I have 6 tables to display in one query. I'm trying three tables first but there's an error, and I don't know why. I want to show all fields, but I tried the first item code if going to work. Unfortunately, there's a bug.
我有6个表在一个查询中显示。我先尝试三张桌子,但是有一个错误,我不知道为什么。我想显示所有字段,但是如果要上班,我尝试了第一个项目代码。不幸的是,有一个错误。

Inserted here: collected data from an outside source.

lemma limitin_uniform_dist_if_uniform_limit:
  assumes "uniform_limit X fs g sequentially"
  shows "limitin (Metric_space.mtopology (extensional X) (uniform_dist X))
           (\<lambda>m. restrict (fs m) X) (restrict g X) sequentially"
proof -
  interpret Metric_space "extensional X" "uniform_dist X"
    by (rule Metric_space_uniform_dist)
  show ?thesis
    unfolding limit_metric_sequentially
  proof (intro conjI allI impI)
    fix \<epsilon> :: real assume "0 < \<epsilon>"
    then obtain N where N: "\<forall>m\<ge>N. \<forall>x\<in>X. dist (fs m x) (g x) < \<epsilon> / 2"
      using assms unfolding uniform_limit_sequentially_iff by (meson half_gt_zero)
    have "uniform_dist X (fs m) g < \<epsilon>" if "m \<ge> N" for m
    proof -
      have "uniform_dist X (fs m) g \<le> \<epsilon> / 2"
      proof (rule uniform_dist_le)
        fix x assume "x \<in> X"
        then have "dist (fs m x) (g x) \<le> \<epsilon> / 2" using N that by fastforce
        then show "min 1 (dist (fs m x) (g x)) \<le> \<epsilon> / 2" by simp
      qed (use \<open>0 < \<epsilon>\<close> in simp)
      then show ?thesis using \<open>0 < \<epsilon>\<close> by linarith
    qed
    then show "\<exists>N. \<forall>m\<ge>N. restrict (fs m) X \<in> extensional X
                 \<and> uniform_dist X (restrict (fs m) X) (restrict g X) < \<epsilon>"
      by auto
  qed simp
qed

definition uniformly_seq_compact :: "'a set \<Rightarrow> ('a \<Rightarrow> 'b::metric_space) set \<Rightarrow> bool" where
  "uniformly_seq_compact X A \<longleftrightarrow>
     (\<forall>fs :: nat \<Rightarrow> 'a \<Rightarrow> 'b. range fs \<subseteq> A \<longrightarrow>
        (\<exists>r g. strict_mono r \<and> g \<in> A \<and> uniform_limit X (fs \<circ> r) g sequentially))"

lemma compactin_restrict_uniform_dist:
  assumes "uniformly_seq_compact X A"
  shows "compactin (Metric_space.mtopology (extensional X) (uniform_dist X)) ((\<lambda>f. restrict f X) ` A)"
proof -
  interpret Metric_space "extensional X" "uniform_dist X"
    by (rule Metric_space_uniform_dist)
  show ?thesis
    unfolding compactin_sequentially
  proof (intro conjI allI impI)
    fix \<sigma> :: "nat \<Rightarrow> 'a \<Rightarrow> 'b" assume "range \<sigma> \<subseteq> (\<lambda>f. restrict f X) ` A"
    then have "\<forall>m. \<exists>f. f \<in> A \<and> \<sigma> m = restrict f X" by blast
    then obtain fs where fs: "\<And>m. fs m \<in> A" "\<And>m. \<sigma> m = restrict (fs m) X" by metis
    then obtain r g where "strict_mono r" "g \<in> A" and lim: "uniform_limit X (fs \<circ> r) g sequentially"
      using assms unfolding uniformly_seq_compact_def by blast
    moreover have "\<sigma> \<circ> r = (\<lambda>m. restrict ((fs \<circ> r) m) X)"
      using fs(2) by auto
    ultimately have "strict_mono r \<and> limitin mtopology (\<sigma> \<circ> r) (restrict g X) sequentially"
      using limitin_uniform_dist_if_uniform_limit[OF lim] by simp
    with \<open>g \<in> A\<close> show "\<exists>l r. l \<in> (\<lambda>f. restrict f X) ` A \<and> strict_mono r \<and> limitin mtopology (\<sigma> \<circ> r) l sequentially"
      by blast
  qed auto
qed

lemma equicontinuous_Lipschitz_family_comp:
  fixes \<psi> :: "'e::real_normed_vector \<Rightarrow> 'a::metric_space"
    and fs :: "nat \<Rightarrow> 'a \<Rightarrow> 'b::real_normed_vector"
  assumes "continuous_on K \<psi>" and "\<psi> ` K \<subseteq> X"
    and Lipschitz: "\<And>m x y. x \<in> X \<Longrightarrow> y \<in> X \<Longrightarrow> dist (fs m x) (fs m y) \<le> L * dist x y"
    and "x \<in> K" and "0 < e"
  shows "\<exists>\<delta>>0. \<forall>m y. y \<in> K \<and> norm (x - y) < \<delta> \<longrightarrow> norm (fs m (\<psi> x) - fs m (\<psi> y)) < e"
proof -
  have "0 < e / (\<bar>L\<bar> + 1)"
    using \<open>0 < e\<close> by simp
  then obtain \<delta> where "\<delta> > 0"
    and \<delta>: "\<forall>y\<in>K. dist y x < \<delta> \<longrightarrow> dist (\<psi> y) (\<psi> x) < e / (\<bar>L\<bar> + 1)"
    using assms(1,4) unfolding continuous_on_iff by blast
  have "norm (fs m (\<psi> x) - fs m (\<psi> y)) < e" if "y \<in> K" "norm (x - y) < \<delta>" for m y
  proof -
    have "\<psi> x \<in> X" "\<psi> y \<in> X"
      using assms(2,4) \<open>y \<in> K\<close> by auto
    then have "norm (fs m (\<psi> x) - fs m (\<psi> y)) \<le> L * dist (\<psi> x) (\<psi> y)"
      using Lipschitz by (simp add: dist_norm)
    also have "\<dots> \<le> \<bar>L\<bar> * dist (\<psi> x) (\<psi> y)"
      by (simp add: mult_right_mono)
    also have "\<dots> \<le> \<bar>L\<bar> * (e / (\<bar>L\<bar> + 1))"
      using \<delta> that by (intro mult_left_mono) (auto simp: dist_norm norm_minus_commute dist_commute less_imp_le)
    also have "\<dots> < e"
      using \<open>0 < e\<close> by (simp add: field_simps)
    finally show ?thesis .
  qed
  then show ?thesis using \<open>\<delta> > 0\<close> by blast
qed
lemma poly_map_diff: "poly_map f \<Longrightarrow> poly_map g \<Longrightarrow> poly_map (\<lambda>x. f x - g x)"
  using poly_map_add[of f "\<lambda>x. (-1) *s g x"] poly_map_scale[of g "-1"] by simp

lemma poly_map_var_scale: "poly_map f \<Longrightarrow> poly_map (\<lambda>x. x *s f x)"
  unfolding poly_map_def using poly_map_deg.var_scale by blast

lemma poly_map_linear:
  "poly_map f \<Longrightarrow> (\<And>u v. L (u + v) = L u + L v) \<Longrightarrow> (\<And>t u. L (t *s u) = t *s L u)
    \<Longrightarrow> poly_map (\<lambda>x. L (f x))"
  unfolding poly_map_def using poly_map_deg_linear by blast

lemma poly_map_functional_scale:
  assumes "poly_map f" and "poly_map g"
    and \<phi>_add: "\<And>u v. \<phi> (u + v) = \<phi> u + \<phi> v" and \<phi>_scale: "\<And>t u. \<phi> (t *s u) = t * \<phi> u"
  shows "poly_map (\<lambda>x. \<phi> (f x) *s g x)"
proof -
  obtain n where "poly_map_deg n f"
    using assms(1) poly_map_def by blast
  then show ?thesis
  proof (induction rule: poly_map_deg.induct)
    case (const n w)
    then show ?case
      by (rule poly_map_scale[OF assms(2)])
  next
    case (add n f f')
    then show ?case
      using poly_map_add by (simp add: \<phi>_add scale_left_distrib)
  next
    case (var_scale n f)
    then show ?case
      using poly_map_var_scale[OF var_scale.IH] by (simp add: \<phi>_scale)
  qed
qed

lemma poly_map_eq_0: "poly_map f \<Longrightarrow> infinite {x. f x = 0} \<Longrightarrow> f x = 0"
  unfolding poly_map_def using poly_map_deg_eq_0 by blast

end

section \<open>Commutative algebras, Peirce projections and primitive axes\<close>

locale commutative_algebra = vector_space scale
  for scale :: "'k::field_char_0 \<Rightarrow> 'v::ab_group_add \<Rightarrow> 'v" (infixr \<open>*s\<close> 75) +
  fixes mult :: "'v \<Rightarrow> 'v \<Rightarrow> 'v" (infixl \<open>\<cdot>\<close> 70)
  assumes mult_commute: "u \<cdot> v = v \<cdot> u"
    and mult_add_left: "(u + v) \<cdot> w = u \<cdot> w + v \<cdot> w"
    and mult_scale_left: "(t *s u) \<cdot> v = t *s (u \<cdot> v)"
begin

abbreviation axis :: "'v \<Rightarrow> bool" where
  "axis \<equiv> primitive_axis scale mult"

lemma mult_add_right: "w \<cdot> (u + v) = w \<cdot> u + w \<cdot> v"
  by (simp add: mult_commute[of w] mult_add_left)

lemma mult_scale_right: "u \<cdot> (t *s v) = t *s (u \<cdot> v)"
  by (simp add: mult_commute[of u] mult_scale_left)

lemma mult_zero_left [simp]: "0 \<cdot> v = 0"
  using mult_scale_left[of 0 0 v] by simp

lemma mult_zero_right [simp]: "v \<cdot> 0 = 0"
  using mult_scale_right[of v 0 0] by simp

lemma mult_minus_left: "(- u) \<cdot> v = - (u \<cdot> v)"
  using mult_scale_left[of "-1" u v] by simp

lemma mult_minus_right: "v \<cdot> (- u) = - (v \<cdot> u)"
  by (metis mult_commute mult_minus_left)

lemma mult_diff_left: "(u - w) \<cdot> v = u \<cdot> v - w \<cdot> v"
  using mult_add_left[of u "- w" v] by (simp add: mult_minus_left)

lemma mult_diff_right: "v \<cdot> (u - w) = v \<cdot> u - v \<cdot> w"
  using mult_add_right[of v u "- w"] by (simp add: mult_minus_right)

lemmas mult_distribs = mult_add_left mult_add_right mult_diff_left mult_diff_right
  mult_scale_left mult_scale_right mult_minus_left mult_minus_right

lemma scale_two: "2 *s v = v + v"
  using scale_left_distrib[of 1 1 v] by simp

lemma mult_self_sum3:
  "(x + y + w) \<cdot> (x + y + w)
     = x \<cdot> x + y \<cdot> y + w \<cdot> w + 2 *s (x \<cdot> y) + 2 *s (x \<cdot> w) + 2 *s (y \<cdot> w)"
  by (simp add: mult_add_left mult_add_right scale_two mult_commute[of y x] mult_commute[of w x]
      mult_commute[of w y] add_ac)

lemma poly_map_mult:
  assumes "poly_map f" and "poly_map g"
  shows "poly_map (\<lambda>x. f x \<cdot> g x)"
proof -
  obtain n where "poly_map_deg n f"
    using assms(1) poly_map_def by blast
  then show ?thesis
  proof (induction rule: poly_map_deg.induct)
    case (const n w)
    show ?case
      by (rule poly_map_linear[OF assms(2)]) (simp_all add: mult_add_right mult_scale_right)
  next
    case (add n f f')
    then show ?case
      by (simp add: mult_add_left poly_map_add)
  next
    case (var_scale n f)
    then show ?case
      by (simp add: mult_scale_left poly_map_var_scale)
  qed
qed

lemma poly_map_eq_on_nat:
  assumes "poly_map f" and "poly_map g" and "\<And>n. f (of_nat n) = g (of_nat n)"
  shows "f x = g x"
proof -
  have "range of_nat \<subseteq> {x. f x - g x = 0}"
    using assms(3) by auto
  moreover have "infinite (range (of_nat :: nat \<Rightarrow> 'k))"
  proof
    assume "finite (range (of_nat :: nat \<Rightarrow> 'k))"
    moreover have "inj (of_nat :: nat \<Rightarrow> 'k)"
      by (simp add: inj_on_def)
    ultimately show False
      using finite_imageD by blast
  qed
  ultimately have "infinite {x. f x - g x = 0}"
    using infinite_super by blast
  then show ?thesis
    using poly_map_eq_0[OF poly_map_diff[OF assms(1,2)]] by simp
qed

text \<open>
  When the multiplication operator L of c satisfies L (L - 1) (2 L - 1) = 0, these are the
  Lagrange interpolation polynomials in L for the eigenvalues 1, 0 and 1/2.
\<close>

definition proj1 :: "'v \<Rightarrow> 'v \<Rightarrow> 'v" where
  "proj1 c u = 2 *s (c \<cdot> (c \<cdot> u)) - c \<cdot> u"

definition proj0 :: "'v \<Rightarrow> 'v \<Rightarrow> 'v" where
  "proj0 c u = 2 *s (c \<cdot> (c \<cdot> u)) - 3 *s (c \<cdot> u) + u"

definition proj_half :: "'v \<Rightarrow> 'v \<Rightarrow> 'v" where
  "proj_half c u = u - proj1 c u - proj0 c u"

lemma proj_add:
  "proj1 c (u + v) = proj1 c u + proj1 c v"
  "proj0 c (u + v) = proj0 c u + proj0 c v"
  "proj_half c (u + v) = proj_half c u + proj_half c v"
  by (simp_all add: proj1_def proj0_def proj_half_def mult_add_right algebra_simps)

lemma proj_scale:
  "proj1 c (t *s u) = t *s proj1 c u"
  "proj0 c (t *s u) = t *s proj0 c u"
  "proj_half c (t *s u) = t *s proj_half c u"
  by (simp_all add: proj1_def proj0_def proj_half_def mult_scale_right algebra_simps)

lemma proj_diff:
  "proj1 c (u - v) = proj1 c u - proj1 c v"
  "proj0 c (u - v) = proj0 c u - proj0 c v"
  "proj_half c (u - v) = proj_half c u - proj_half c v"
  using proj_add[of c u "- v"] proj_scale[of c "-1" v] by simp_all

lemma proj_eigenvector:
  assumes "c \<cdot> v = \<alpha> *s v"
  shows "proj1 c v = (2 * \<alpha>\<^sup>2 - \<alpha>) *s v"
    and "proj0 c v = (2 * \<alpha>\<^sup>2 - 3 * \<alpha> + 1) *s v"
    and "proj_half c v = (4 * \<alpha> - 4 * \<alpha>\<^sup>2) *s v"
proof -
  have "c \<cdot> (c \<cdot> v) = \<alpha>\<^sup>2 *s v"
    by (simp add: assms mult_scale_right power2_eq_square)
  then show p1: "proj1 c v = (2 * \<alpha>\<^sup>2 - \<alpha>) *s v"
    and p0: "proj0 c v = (2 * \<alpha>\<^sup>2 - 3 * \<alpha> + 1) *s v"
    by (simp_all add: proj1_def proj0_def assms algebra_simps)
  have "proj_half c v = (1 - (2 * \<alpha>\<^sup>2 - \<alpha>) - (2 * \<alpha>\<^sup>2 - 3 * \<alpha> + 1)) *s v"
    unfolding proj_half_def p1 p0 by (simp only: scale_left_diff_distrib scale_one)
  also have "1 - (2 * \<alpha>\<^sup>2 - \<alpha>) - (2 * \<alpha>\<^sup>2 - 3 * \<alpha> + 1) = 4 * \<alpha> - 4 * \<alpha>\<^sup>2"
    by (simp add: algebra_simps)
  finally show "proj_half c v = (4 * \<alpha> - 4 * \<alpha>\<^sup>2) *s v" .
qed

lemma proj_eigenvector_1:
  assumes "c \<cdot> v = v"
  shows "proj1 c v = v" and "proj0 c v = 0" and "proj_half c v = 0"
  using proj_eigenvector[of c v 1] assms by simp_all

lemma proj_eigenvector_0:
  assumes "c \<cdot> v = 0"
  shows "proj1 c v = 0" and "proj0 c v = v" and "proj_half c v = 0"
  using proj_eigenvector[of c v 0] assms by simp_all
(* Let $(\mathcal{A},\mu,\alpha)$ be a Hom-Malcev-admissible superalgebra. Then for each $n\geq 0$ the $n$th derived Hom-superalgebra $\mathcal{A}^{n}=(\mathcal{A},\mu^{(n)}=\alpha^{2^{n}-1}\circ\mu,\alpha^{2^{n}})$ is also a Hom-Malcev-admissible superalgebra.
   Context: $\mathcal{A}=\mathcal{A}_0\oplus\mathcal{A}_1$ is a $\mathbb{Z}_2$-graded vector space over an algebraically closed field $\mathbb{K}$ of characteristic $0$; $|x|$ is the parity of homogeneous $x$; even maps preserve parity. A Hom-superalgebra is a triple $(\mathcal{A},\mu,\alpha)$ with $\mu$ even bilinear, $\alpha$ even linear and $\alpha\circ\mu=\mu\circ(\alpha\otimes\alpha)$. Its super-commutator Hom-superalgebra is $\mathcal{A}^-=(\mathcal{A},[-,-],\alpha)$ with $[x,y]=\mu(x,y)-(-1)^{|x||y|}\mu(y,x)$. For a bracket, $\widetilde{J}(x,y,z)=[[x,y],\alpha(z)]-[\alpha(x),[y,z]]-(-1)^{|y||z|}[[x,z],\alpha(y)]$. A Hom-Malcev superalgebra is a Hom-superalgebra $(\mathcal{A},[-,-],\alpha)$ with $[x,y]=-(-1)^{|x||y|}[y,x]$ and, for all homogeneous $x,y,z,t$, $2[\alpha^{2}(t),\widetilde{J}(x,y,z)]=\widetilde{J}(\alpha(t),\alpha(x),[y,z])+(-1)^{|x|(|y|+|z|)}\widetilde{J}(\alpha(t),\alpha(y),[z,x])+(-1)^{|z|(|x|+|y|)}\widetilde{J}(\alpha(t),\alpha(z),[x,y])$. A Hom-superalgebra is Hom-Malcev-admissible if $\mathcal{A}^-$ is a Hom-Malcev superalgebra. *)

theory Defs
  imports Main "HOL-Computational_Algebra.Polynomial"
begin
(* Let $L$ be an $n\times n$ complex matrix with at most one nonzero entry in each row and in each column (a generalized permutation matrix in the relaxed sense, allowing zero rows and columns). Let $n_z = n - \mathrm{rank}(L)$ be the number of zero columns (equivalently, zero rows) of $L$. Consider decompositions $L = AD$ with $A$ an $n\times n$ permutation matrix and $D$ an $n\times n$ diagonal matrix. Then $D$ is always uniquely determined by $L$, and the decomposition $L=AD$ is unique if and only if $n_z \le 1$; otherwise there are $n_z!$ ways to choose $A$. However, if one imposes the rule that, for every cycle of the permutation $\sigma$ associated with $A$ (with domain $N_\gamma$), the set $\{j \in N_\gamma : D_j = 0\}$ has at most one element, then the choice of $A$ is unique; and it is always possible to choose $A$ so that this rule holds.
   Context: For a permutation matrix $A$, the associated permutation $\sigma\in S_n$ is defined by $A e_j = e_{\sigma(j)}$, so that $(AD)e_j = D_j e_{\sigma(j)}$ where $D_j$ is the $j$-th diagonal entry of $D$. The permutation $\sigma$ decomposes into disjoint cycles; $N_\gamma\subseteq\{1,\dots,n\}$ denotes the domain of the $\gamma$-th cycle, and these domains partition $\{1,\dots,n\}$. *)

theory Defs
  imports "HOL-Analysis.Analysis"
begin

definition perm_mat_of :: "('n::finite \<Rightarrow> 'n) \<Rightarrow> complex^'n^'n" where
  "perm_mat_of \<sigma> = (\<chi> i j. if i = \<sigma> j then 1 else 0)"

definition is_perm_matrix :: "complex^'n^'n::finite \<Rightarrow> bool" where
  "is_perm_matrix A \<longleftrightarrow> (\<exists>\<sigma>. \<sigma> permutes (UNIV::'n set) \<and> A = perm_mat_of \<sigma>)"

definition is_diag_matrix :: "complex^'n^'n::finite \<Rightarrow> bool" where
  "is_diag_matrix D \<longleftrightarrow> (\<forall>i j. i \<noteq> j \<longrightarrow> D $ i $ j = 0)"

definition relaxed_gen_perm :: "complex^'n^'n::finite \<Rightarrow> bool" where
  "relaxed_gen_perm L \<longleftrightarrow>
     (\<forall>i j k. L $ i $ j \<noteq> 0 \<and> L $ i $ k \<noteq> 0 \<longrightarrow> j = k) \<and>
     (\<forall>i j k. L $ i $ j \<noteq> 0 \<and> L $ k $ j \<noteq> 0 \<longrightarrow> i = k)"

definition is_AD_decomp :: "complex^'n^'n::finite \<Rightarrow> complex^'n^'n \<Rightarrow> complex^'n^'n \<Rightarrow> bool" where
  "is_AD_decomp L A D \<longleftrightarrow> is_perm_matrix A \<and> is_diag_matrix D \<and> L = A ** D"

definition cycle_dom :: "('n \<Rightarrow> 'n) \<Rightarrow> 'n \<Rightarrow> 'n set" where
  "cycle_dom \<sigma> j = {(\<sigma> ^^ k) j | k. True}"

definition cycle_rule :: "complex^'n^'n::finite \<Rightarrow> complex^'n^'n \<Rightarrow> bool" where
  "cycle_rule A D \<longleftrightarrow> (\<forall>\<sigma>. \<sigma> permutes (UNIV::'n set) \<and> A = perm_mat_of \<sigma> \<longrightarrow>
      (\<forall>j. card {i \<in> cycle_dom \<sigma> j. D $ i $ i = 0} \<le> 1))"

The error is Warning: mysqli::query() [mysqli.query]: (21000/1242): Subquery returns more than 1 row in C:\wamp\www\DASMA\stockcard.php on line 541
错误是警告:mysqli :: query()[mysqli.query] :( 21000/1242):子查询在第541行的C:\ wamp \ www \ DASMA \ stockcard.php中返回多行
I want to display all the data in my all table whether one of it don't have data yet. Just without using SQL join.
我想在我的all表中显示所有数据,无论其中一个数据还没有数据。只是没有使用SQL连接。
|allinvty3|(masterfile)
----------------
|in_code |
|ecr_desc |
|pric_cash
|qty |
|ite_desc |
---------------
|(barcode, soldout_dm , dm_stock_transfer, adjustment etc.
-all have same fieldname)|
----------------
|itemcode |
|qty |
|date
|qty |
|status |
---------------
<?php
$sql = "
SELECT (
SELECT itemcode as bcode
FROM barcode
) ,
(
SELECT itemcode as bsold
FROM soldout_dm
) ,
(
SELECT itemcode as bstock
FROM dm_stock_transfer
)
";
$result = $conn->query($sql);
?>
2 个解决方案
#1
0
Try this
<?php
$sql = 'select b.itemcode as bcode, s.itemcode as bsold, d.itemcode as bstock from barcode as b, soldout_dm as s, dm_stock_transfer as d';
$result = $con->query($sql);
?>
#2
0
$sql="select t1.column, t2.column,t3.column,t4.column,t5.column,t6.column from t1,t2,t3,t4,t5,t6 ";
this type of query will help you to get data from all six tables .
这种类型的查询将帮助您从所有六个表中获取数据。
#1
0
Try this
<?php
$sql = 'select b.itemcode as bcode, s.itemcode as bsold, d.itemcode as bstock from barcode as b, soldout_dm as s, dm_stock_transfer as d';
$result = $con->query($sql);
?>
#2
0
$sql="select t1.column, t2.column,t3.column,t4.column,t5.column,t6.column from t1,t2,t3,t4,t5,t6 ";
this type of query will help you to get data from all six tables .
这种类型的查询将帮助您从所有六个表中获取数据。